7 Это состояние, когда Толстой в бреду упорно пытался диктовать свои мысли и чувствовал, что его не понимают, и снова тосковал и метался, было характерно в момент обострения болезни. Об этом свидетельствовали В. Г. Чертков (‘О последних днях Л. Н. Толстого’. М., 1911), Л. Л. Толстой (‘О последних днях Л. Н. Толстого’. — ИРЛИ, ф. 303, оп. 11).
8 Отец Варсонофий, игумен из Оптиной пустыни, прибыл в Астапово 5 ноября вечерним поездом в сопровождении иеромонаха Пантелеймона. Он сообщил жандармскому ротмистру Савицкому, что прибыл в Астапово по распоряжению Святейшего синода, чтобы подготовить примирение Толстого с православной церковью. О. Варсонофий привез с собой ‘святые дары’, и если бы Толстой сказал одно слово ‘каюсь’, то игумен, в силу своих полномочий, считал бы его отказавшимся от своего ‘лжеучения’ и напутствовал бы его перед смертью как православного (‘Красный архив’, 1923, No 4, с. 351).
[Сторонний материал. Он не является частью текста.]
lemma eta_one_less_one:
  assumes "-1 < D b 0"
  shows "eta a b 1 < 1"
proof -
  have "\<bar>D b y\<bar> < 1" if "y \<in> {0..1}" for y
    using that assms D_pos_neg[of y] D_lt_one[of y] by (cases "y = 0") auto
  then obtain \<theta> where "\<theta> < 1" "\<And>y. y \<in> {0..1} \<Longrightarrow> \<bar>D b y\<bar> \<le> \<theta>"
    using continuous_bound_less_one[of "{0..1}" "\<lambda>y. \<bar>D b y\<bar>"] continuous_on_rabs[OF continuous_D(2)]
    by auto
  then show ?thesis using eta_one_le[of \<theta>] by fastforce
qed

lemma eta_one_eq_one: "D b 0 = -1 \<Longrightarrow> eta a b 1 = 1"
  using eta_one_ge eta_le_one[of 1] by simp

end

theorem lemma7p3:
  fixes c :: real and a b :: "real \<Rightarrow> real"
  assumes "class_DRI c a b"
  shows "(D b 0 > -1 \<longrightarrow> eta a b 1 < 1)
     \<and> (D b 0 = -1 \<longrightarrow> eta a b 1 = 1 \<and> eta a b 2 < 1)
     \<and> min ((eta a b 1)\<^sup>2) (eta a b 2) < 1
     \<and> (\<forall>n\<ge>2. eta a b n \<le> (min ((eta a b 1)\<^sup>2) (eta a b 2)) ^ (1 + (n - 2) div 2))"
proof -
  interpret nonexpanding_branches a b
    using DRI_nonexpanding_branches[OF assms] .
  have "min ((eta a b 1)\<^sup>2) (eta a b 2) = eta a b 2"
    using eta_two_le_square by simp
  then show ?thesis
    using eta_one_less_one[OF assms] eta_one_eq_one[OF assms] eta_two_less_one[OF assms] eta_decay
    by auto
qed

end
text \<open>Summing, over e \<in> S, the witnesses e + z_e reoriented back to Row(M) gives a vector whose
  coordinates have sign \<epsilon> on S (each is a sum of nonnegative terms, the e-th one at least 1)
  and vanish off S.\<close>
lemma CAC_imp_sign_pattern:
  fixes M :: "real^'e^'r"
  assumes "Se \<in> CAC M"
  obtains w where "w \<in> row_space M" "sign_pattern w = Se"
proof -
  obtain S \<epsilon> where Se: "Se = (S, \<epsilon>)" by (cases Se)
  have ca: "coherent_acyclic M (S, \<epsilon>)" using assms Se by (simp add: CAC_def)
  then have os: "oriented_sub (S, \<epsilon>)" by (simp add: coherent_acyclic_def)
  obtain z where z: "\<And>e f. e \<in> S \<Longrightarrow> z e $ f \<in> \<int> \<and> z e $ f \<ge> 0"
    "\<And>e f. e \<in> S \<Longrightarrow> f \<notin> S \<Longrightarrow> z e $ f = 0"
    "\<And>e. e \<in> S \<Longrightarrow> axis e 1 + z e \<in> row_space (reorient M S \<epsilon>)"
    using ca unfolding coherent_acyclic_def by simp metis
  define x where "x e = axis e 1 + z e" for e
  define w where "w = (\<Sum>e\<in>S. \<chi> f. reorientation S \<epsilon> f * x e $ f)"
  have "(\<chi> f. reorientation S \<epsilon> f * x e $ f) \<in> row_space M" if "e \<in> S" for e
    using row_space_reorient[OF z(3)[OF that], of S \<epsilon>] unfolding reorient_reorient[OF os] x_def .
  then have "w \<in> row_space M" unfolding w_def by (simp add: subspace_sum subspace_row_space)
  have w_coord: "w $ f = reorientation S \<epsilon> f * (\<Sum>e\<in>S. x e $ f)" for f
    by (simp add: w_def sum_distrib_left)
  have signs: "sgn_int (w $ f) = \<epsilon> f" for f
  proof (cases "f \<in> S")
    case True
    have "1 \<le> x f $ f" using z(1)[OF True] by (simp add: x_def axis_def)
    also have "\<dots> \<le> (\<Sum>e\<in>S. x e $ f)"
      using True z(1) by (intro member_le_sum) (auto simp: x_def axis_def)
    finally have "0 < (\<Sum>e\<in>S. x e $ f)" by simp
    moreover have "\<epsilon> f = 1 \<or> \<epsilon> f = -1" using os True by (simp add: oriented_sub_def)
    ultimately show ?thesis using True by (auto simp: w_coord sgn_int_def)
  next
    case False
    then have "(\<Sum>e\<in>S. x e $ f) = 0"
      using z(2) by (auto simp: x_def axis_def intro!: sum.neutral)
    then show ?thesis using os False by (simp add: w_coord sgn_int_def oriented_sub_def)
  qed
  moreover have "supp w = S"
  proof -
    have "w $ f \<noteq> 0 \<longleftrightarrow> \<epsilon> f \<noteq> 0" for f
      using signs[of f] by (auto simp: sgn_int_def split: if_splits)
    moreover have "\<epsilon> f \<noteq> 0 \<longleftrightarrow> f \<in> S" for f using os by (auto simp: oriented_sub_def)
    ultimately show ?thesis by (auto simp: supp_def)
  qed
  ultimately have "sign_pattern w = Se" by (simp add: sign_pattern_def Se)
  then show thesis using that \<open>w \<in> row_space M\<close> by blast
qed
lemma card_uq_residue_ge:
  fixes x :: int
  assumes q: "q \<ge> 2" and d: "d > 0"
  shows "q div d * card {m. m < N div q \<and> coprime (wq q (q * m)) d}
           \<le> card {n. n < N \<and> (int (uq q n) + x) mod int d = 0}"
proof -
  define P where "P n \<longleftrightarrow> (int (uq q n) + x) mod int d = 0" for n
  define C where "C = {m. m < N div q \<and> coprime (wq q (q * m)) d}"
  have "q div d * card C = (\<Sum>m\<in>C. q div d)" by simp
  also have "\<dots> \<le> (\<Sum>m\<in>C. card {r. r < q \<and> P (q * m + r)})"
    unfolding C_def P_def by (intro sum_mono card_uq_residue_block_ge[OF q d]) simp
  also have "\<dots> \<le> (\<Sum>m<N div q. card {r. r < q \<and> P (q * m + r)})"
    unfolding C_def by (intro sum_mono2) auto
  also have "\<dots> = card {n. n < N div q * q \<and> P n}"
    by (rule card_less_mult_eq_sum_blocks[symmetric])
  also have "\<dots> \<le> card {n. n < N \<and> P n}"
    by (intro card_mono) (auto intro: less_le_trans[OF _ div_times_less_eq_dividend])
  finally show ?thesis by (simp add: C_def P_def)
qed

definition wq_offset :: "nat \<Rightarrow> nat \<Rightarrow> nat \<Rightarrow> nat" where
  "wq_offset q J a = a * (\<Sum>i\<le>J. q ^ i) + wq q a"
Это была последняя попытка церковников создать версию о ‘раскаянии’ Толстого. В этот же день на заседании совета министров 5 ноября ‘происходил… оживленный обмен мнений на тему о тяготеющем над гр. Л. Н. отлучении от церкви. В заседании выяснилось, что все члены кабинета, включая и обер-прокурора Синода Лукьянова, находят необходимым и своевременным снять отлучение с графа’ (‘Биржевые ведомости’, 1910, 6 ноября, No 12008). Газеты сообщали также, что Синоду нужна была формальность — встреча с Толстым духовного лица, ‘чтобы иметь повод отменить прежнее постановление’ (‘Копейка’, 1910, 158 (513), 6 ноября), что ‘Синод не будет настаивать на формальном отречении Л. Н. Толстого от своих заблуждений, а удовольствуется тем, что Л. Н. Толстой приобщится по православному обряду’ (‘Новая столичная газета’, 1910, No 214, 6 ноября). Однако попытки Варсонофия проникнуть к Толстому ради увещевания вернуться к церкви не увенчались успехом.
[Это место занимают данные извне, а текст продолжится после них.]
(* Let $\omega\in\Omega_+$ be such that $0$ is $\omega$-transient. Then \[\lim_{K\to\infty}\frac{E_{0,\omega}[D^+_{T_K}]}{K}=1.\]
   Context: Cookie environments: $\Omega_+=([1/2,1]^{\mathbb N})^{\mathbb Z}$. $P_{x,\omega}$ (expectation $E_{x,\omega}$) is the law of the nearest-neighbor process $(X_n)_{n\ge0}$ with $X_0=x$ which, on its $i$-th visit to site $z$, jumps to $z+1$ with probability $\omega(z,i)$ and to $z-1$ otherwise. $T_k=\inf\{n\ge0:X_n=k\}$; $R_k=\{X_n=k\text{ i.o.}\}$. A site $y$ is $\omega$-transient if $P_{x,\omega}[R_y]=0$ for all $x\in\mathbb Z$ (and $\omega$-recurrent if $P_{x,\omega}[R_y]=1$ for all $x$; one of the two always holds). $D_n^z=\sum_{i=1}^{\#\{m<n:X_m=z\}}(2\omega(z,i)-1)$ and $D_n^+=\sum_{z\ge0}D_n^z$. *)

theory Defs
  imports "HOL-Probability.Probability"
begin

text \<open>Cookie environments: omega z i is the probability to jump right on the i-th
  visit (i \<ge> 1) to site z. The value omega z 0 is never used.\<close>

definition Omega_plus :: "(int \<Rightarrow> nat \<Rightarrow> real) set" where
  "Omega_plus = {\<omega>. \<forall>z. \<forall>i\<ge>1. 1/2 \<le> \<omega> z i \<and> \<omega> z i \<le> 1}"

text \<open>Standard construction of the cookie walk: independent coins xi (z,i) with
  P[xi (z,i)] = omega z i; on its i-th visit to z the walk jumps to z+1 iff xi (z,i).\<close>

definition coin_space :: "(int \<Rightarrow> nat \<Rightarrow> real) \<Rightarrow> (int \<times> nat \<Rightarrow> bool) measure" where
  "coin_space \<omega> = PiM UNIV (\<lambda>(z,i). measure_pmf (bernoulli_pmf (\<omega> z i)))"

fun walk_hist :: "(int \<times> nat \<Rightarrow> bool) \<Rightarrow> int \<Rightarrow> nat \<Rightarrow> int list" where
  "walk_hist \<xi> x 0 = [x]"
| "walk_hist \<xi> x (Suc n) =
     (let h = walk_hist \<xi> x n; y = last h; k = count_list h y
      in h @ [if \<xi> (y, k) then y + 1 else y - 1])"

definition X :: "(int \<times> nat \<Rightarrow> bool) \<Rightarrow> int \<Rightarrow> nat \<Rightarrow> int" where
  "X \<xi> x n = last (walk_hist \<xi> x n)"

definition D :: "(int \<Rightarrow> nat \<Rightarrow> real) \<Rightarrow> (int \<times> nat \<Rightarrow> bool) \<Rightarrow> int \<Rightarrow> nat \<Rightarrow> int \<Rightarrow> real" where
  "D \<omega> \<xi> x n z = (\<Sum>i\<in>{1..card {m. m < n \<and> X \<xi> x m = z}}. 2 * \<omega> z i - 1)"

text \<open>Only finitely many z have nonzero D_n^z (the visited ones), so the sum over
  all z \<ge> 0 reduces to the sum over visited sites z \<ge> 0.\<close>
definition D_plus :: "(int \<Rightarrow> nat \<Rightarrow> real) \<Rightarrow> (int \<times> nat \<Rightarrow> bool) \<Rightarrow> int \<Rightarrow> nat \<Rightarrow> real" where
  "D_plus \<omega> \<xi> x n = (\<Sum>z\<in>{z. 0 \<le> z \<and> (\<exists>m<n. X \<xi> x m = z)}. D \<omega> \<xi> x n z)"

text \<open>D^+ evaluated at T_K (set to 0 on the event T_K = \<infinity>).\<close>
definition D_plus_at_T :: "(int \<Rightarrow> nat \<Rightarrow> real) \<Rightarrow> (int \<times> nat \<Rightarrow> bool) \<Rightarrow> int \<Rightarrow> int \<Rightarrow> real" where
  "D_plus_at_T \<omega> \<xi> x K =
     (if \<exists>n. X \<xi> x n = K then D_plus \<omega> \<xi> x (LEAST n. X \<xi> x n = K) else 0)"

definition transient_site :: "(int \<Rightarrow> nat \<Rightarrow> real) \<Rightarrow> int \<Rightarrow> bool" where
  "transient_site \<omega> y \<longleftrightarrow>
     (\<forall>x. AE \<xi> in coin_space \<omega>. \<not> (\<exists>\<^sub>F n in sequentially. X \<xi> x n = y))"

end

theory Submission
  imports Defs
begin

text \<open>
  Let \<open>d\<^sub>m = 2 \<omega>(X\<^sub>m, i\<^sub>m) - 1 \<ge> 0\<close>, where \<open>i\<^sub>m\<close> counts the visits to \<open>X\<^sub>m\<close> up to time \<open>m\<close>,
  be the drift of the walk at step \<open>m\<close>, so that
  \<open>D\<^sup>+\<^sub>n\<close> is the sum of the \<open>d\<^sub>m\<close> over the steps \<open>m < n\<close> taken from sites \<open>X\<^sub>m \<ge> 0\<close>,
  and \<open>X\<close> is a submartingale. The compensator of \<open>X\<^sup>+\<close> is this same sum plus a term
  \<open>1 - \<omega> \<le> 1\<close> at each visit to \<open>0\<close>. Stopping at \<open>T\<^sub>K\<close>, where \<open>X\<^sup>+ \<le> K\<close> with equality
  once \<open>K\<close> is reached, gives
  \<open>K P[T\<^sub>K \<le> n] - E[visits to 0 before T\<^sub>K] \<le> E[D\<^sup>+ at min n T\<^sub>K] \<le> K\<close>.
  After the \<open>j\<close>-th visit to \<open>0\<close>, every visit to \<open>0\<close> adds at least \<open>1/2\<close> to the compensator of
  \<open>X\<^sup>+\<close>, while \<open>X\<^sup>+\<close> grows by at most \<open>K\<close> on that time window, which is empty unless \<open>0\<close> is
  visited \<open>j\<close> times. Hence the expected number of visits to \<open>0\<close> before \<open>T\<^sub>K\<close> is at most
  \<open>j - 1 + 2 K b\<^sub>j\<close>, where \<open>b\<^sub>j\<close>, the probability of \<open>j\<close> visits to \<open>0\<close>, tends to \<open>0\<close> by
  transience. Gambler's ruin estimates for the submartingales \<open>X\<close> and \<open>(X + M)\<^sup>2 - n\<close> in
  \<open>(-M, K)\<close> show \<open>T\<^sub>K < \<infinity>\<close> a.s. So \<open>K - (j - 1) - 2 K b\<^sub>j \<le> E[D\<^sup>+\<^sub>T\<^sub>K] \<le> K\<close> for all \<open>j\<close>.
\<close>

section \<open>Walk histories\<close>

definition coin_key :: "int list \<Rightarrow> int \<times> nat" where
  "coin_key h = (last h, count_list h (last h))"

lemma walk_hist_Suc_coin:
  "walk_hist \<xi> x (Suc n) = walk_hist \<xi> x n @
     [if \<xi> (coin_key (walk_hist \<xi> x n)) then last (walk_hist \<xi> x n) + 1 else last (walk_hist \<xi> x n) - 1]"
  by (simp add: Let_def coin_key_def)
lemma OD_symmetry_R_op:
  assumes t: "even t" and i: "i < k"
  shows "OD_symmetry N k t (R_op k i)"
  unfolding OD_symmetry_def
proof (intro conjI allI impI)
  show "bij_betw (R_op k i) (pm_vecs k) (pm_vecs k)"
    using R_op_pm_vecs[OF i] R_op_R_op[OF i] by (rule bij_betw_involution)
  show "sys_sym (pm_vecs k) (R_op k i) (ineq_rows k t) ineq_A ineq_b"
  proof (rule sys_sym_ineq_rows[where \<tau> = "R_subset i" and \<epsilon> = "\<lambda>_. 1"])
    show "bij_betw (R_subset i) (M_subsets k t) (M_subsets k t)"
      using R_subset_M_subsets[OF t i] by (intro bij_betw_involution) simp_all
    fix S z assume "S \<in> M_subsets k t" "z \<in> pm_vecs k"
    then show "M_row (R_subset i S) (R_op k i z) = 1 * M_row S z"
      using M_row_R_subset[OF i] by (simp add: M_subsets_def)
  qed simp
  fix X assume "is_OA N k t X"
  then show "is_OA N k t (map (R_op k i) X)" and "OD_equiv k X (map (R_op k i) X)"
    using is_OA_map_R_op[OF _ t i] OD_equiv_map_R_op[OF OA_rows i] by blast+
qed

theorem lemma9:
  fixes N k t :: nat and X :: "int list list"
  assumes "1 \<le> t" and "t + 1 \<le> k" and "is_OA N k t X"
  shows "(even t \<longrightarrow> (\<forall>g\<in>G_OD k. formulation_sym k t N g \<and>
            (\<exists>Y. is_OA N k t Y \<and> freq Y = act k g (freq X) \<and> OD_equiv k X Y)))
       \<and> (odd t \<longrightarrow> (\<forall>g\<in>G_iso k. formulation_sym k t N g \<and>
            (\<exists>Y. is_OA N k t Y \<and> freq Y = act k g (freq X) \<and> isomorphic_OA k X Y)))"
proof -
  have iso_gens: "OD_symmetry N k t h" if "h \<in> G_iso_gens k" for h
    using that OD_symmetry_coord_perm OD_symmetry_sign_change unfolding G_iso_gens_def by blast
  have image: "formulation_sym k t N g \<and> is_OA N k t (map g X) \<and>
      freq (map g X) = act k g (freq X) \<and> OD_equiv k X (map g X)" if "OD_symmetry N k t g" for g
    using that OD_symmetry_imp_formulation_sym freq_map[OF OA_rows[OF assms(3)]] assms(3)
    unfolding OD_symmetry_def by blast
  have "formulation_sym k t N g \<and> (\<exists>Y. is_OA N k t Y \<and> freq Y = act k g (freq X) \<and> OD_equiv k X Y)"
    if "even t" and "g \<in> G_OD k" for g
  proof -
    have "OD_symmetry N k t g"
      using that OD_symmetry_gen_by iso_gens OD_symmetry_R_op unfolding G_OD_def G_OD_gens_def by blast
    then show ?thesis using image by blast
  qed
  moreover have "formulation_sym k t N g \<and>
      (\<exists>Y. is_OA N k t Y \<and> freq Y = act k g (freq X) \<and> isomorphic_OA k X Y)"
    if "g \<in> G_iso k" for g
  proof -
    have "OD_symmetry N k t g" using that OD_symmetry_gen_by iso_gens unfolding G_iso_def by blast
    moreover have "isomorphic_OA k X (map g X)" using that unfolding isomorphic_OA_def by auto
    ultimately show ?thesis using image by blast
  qed
  ultimately show ?thesis by blast
qed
9 Об этом эпизоде вспоминала Т. Л. Сухотина-Толстая: ‘Как-то раз, когда я около него дежурила, он позвал меня и сказал: ‘Многое падает на Соню. Мы плохо распорядились’. От волнения у меня перехватило дыхание. Я хотела, чтобы он повторил сказанное, чтобы убедиться, что я правильно поняла, о чем идет речь. ‘Что ты сказал, папа? Какая со… сода?’ И он повторил: ‘На Соню, на Соню многое падает’. Я спросила: ‘Хочешь ты видеть ее, хочешь видеть Соню?’ Но он уже потерял сознание’ (Т. Л. Сухотина-Толстая, с. 423).
10 Т. Л. Сухотина-Толстая так восстановила эту последнюю фразу Толстого: ‘Сережа! Я люблю истину… Очень… люблю истину!’ (Т. Л. Сухотина-Толстая, с. 424).